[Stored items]
· · ·

lemma card_roots_power_eq_power:
  assumes "s < r"
  shows "finite {x::'a::field. x ^ r = x ^ s}" and "card {x::'a. x ^ r = x ^ s} \<le> r"
proof -
  define P :: "'a poly" where "P = monom 1 r - monom 1 s"
  have "coeff P r = 1"
    using assms by (simp add: P_def)
  then have "P \<noteq> 0" by auto
  moreover have "degree P \<le> r"
    unfolding P_def by (rule degree_le) (use assms in \<open>auto\<close>)
  moreover have "{x. x ^ r = x ^ s} = {x. poly P x = 0}"
    by (simp add: P_def poly_monom)
  ultimately show "finite {x::'a. x ^ r = x ^ s}" and "card {x::'a. x ^ r = x ^ s} \<le> r"
    using poly_roots_finite[of P] card_poly_roots_bound[of P] by auto
qed

section \<open>The Moore determinant\<close>

definition moore_mat :: "nat \<Rightarrow> nat \<Rightarrow> (nat \<Rightarrow> 'a::comm_ring_1) \<Rightarrow> 'a mat" where
  "moore_mat q n \<alpha> = mat n n (\<lambda>(i, j). \<alpha> i ^ (q ^ j))"

definition linearized_poly :: "nat \<Rightarrow> nat \<Rightarrow> (nat \<Rightarrow> 'a::comm_ring_1) \<Rightarrow> 'a poly" where
  "linearized_poly q n v = (\<Sum>j<n. monom (v j) (q ^ j))"

lemma poly_linearized_poly: "poly (linearized_poly q n v) x = (\<Sum>j<n. v j * x ^ (q ^ j))"
  by (simp add: linearized_poly_def poly_sum poly_monom)

lemma power_power_eq_self: "x ^ q = x \<Longrightarrow> x ^ (q ^ j) = (x::'a::monoid_mult)"
  by (induction j) (simp_all add: power_Suc2 power_mult)

lemma poly_linearized_poly_combination:
  fixes x :: "'b \<Rightarrow> 'a::comm_ring_1"
  assumes p: "prime CHAR('a)" and q: "q = CHAR('a) ^ k" and c: "\<And>i. i \<in> I \<Longrightarrow> c i ^ q = c i"
  shows "poly (linearized_poly q n v) (\<Sum>i\<in>I. c i * x i) =
           (\<Sum>i\<in>I. c i * poly (linearized_poly q n v) (x i))"
proof -
  have frob: "(\<Sum>i\<in>I. c i * x i) ^ (q ^ j) = (\<Sum>i\<in>I. c i * x i ^ (q ^ j))" for j
  proof -
    interpret comm_ring_hom "\<lambda>y::'a. y ^ (q ^ j)"
      by (rule frobenius_comm_ring_hom[OF p, where k = "k * j"]) (simp add: q power_mult)
    show ?thesis
      using c by (simp add: hom_sum power_mult_distrib power_power_eq_self)
  qed
  show ?thesis
    unfolding poly_linearized_poly frob sum_distrib_left
    by (subst sum.swap) (simp add: mult_ac)
qed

· · ·

**What the task asks**
Output the records above precisely.

**Result**
lemma card_roots_power_eq_power:
  assumes "s < r"
  shows "finite {x::'a::field. x ^ r = x ^ s}" and "card {x::'a. x ^ r = x ^ s} \<le> r"
proof -
  define P :: "'a poly" where "P = monom 1 r - monom 1 s"
  have "coeff P r = 1"
    using assms by (simp add: P_def)
  then have "P \<noteq> 0" by auto
  moreover have "degree P \<le> r"
    unfolding P_def by (rule degree_le) (use assms in \<open>auto\<close>)
  moreover have "{x. x ^ r = x ^ s} = {x. poly P x = 0}"
    by (simp add: P_def poly_monom)
  ultimately show "finite {x::'a. x ^ r = x ^ s}" and "card {x::'a. x ^ r = x ^ s} \<le> r"
    using poly_roots_finite[of P] card_poly_roots_bound[of P] by auto
qed

section \<open>The Moore determinant\<close>

definition moore_mat :: "nat \<Rightarrow> nat \<Rightarrow> (nat \<Rightarrow> 'a::comm_ring_1) \<Rightarrow> 'a mat" where
  "moore_mat q n \<alpha> = mat n n (\<lambda>(i, j). \<alpha> i ^ (q ^ j))"

definition linearized_poly :: "nat \<Rightarrow> nat \<Rightarrow> (nat \<Rightarrow> 'a::comm_ring_1) \<Rightarrow> 'a poly" where
  "linearized_poly q n v = (\<Sum>j<n. monom (v j) (q ^ j))"

lemma poly_linearized_poly: "poly (linearized_poly q n v) x = (\<Sum>j<n. v j * x ^ (q ^ j))"
  by (simp add: linearized_poly_def poly_sum poly_monom)

lemma power_power_eq_self: "x ^ q = x \<Longrightarrow> x ^ (q ^ j) = (x::'a::monoid_mult)"
  by (induction j) (simp_all add: power_Suc2 power_mult)

lemma poly_linearized_poly_combination:
  fixes x :: "'b \<Rightarrow> 'a::comm_ring_1"
  assumes p: "prime CHAR('a)" and q: "q = CHAR('a) ^ k" and c: "\<And>i. i \<in> I \<Longrightarrow> c i ^ q = c i"
  shows "poly (linearized_poly q n v) (\<Sum>i\<in>I. c i * x i) =
           (\<Sum>i\<in>I. c i * poly (linearized_poly q n v) (x i))"
proof -
  have frob: "(\<Sum>i\<in>I. c i * x i) ^ (q ^ j) = (\<Sum>i\<in>I. c i * x i ^ (q ^ j))" for j
  proof -
    interpret comm_ring_hom "\<lambda>y::'a. y ^ (q ^ j)"
      by (rule frobenius_comm_ring_hom[OF p, where k = "k * j"]) (simp add: q power_mult)
    show ?thesis
      using c by (simp add: hom_sum power_mult_distrib power_power_eq_self)
  qed
  show ?thesis
    unfolding poly_linearized_poly frob sum_distrib_left
    by (subst sum.swap) (simp add: mult_ac)
qed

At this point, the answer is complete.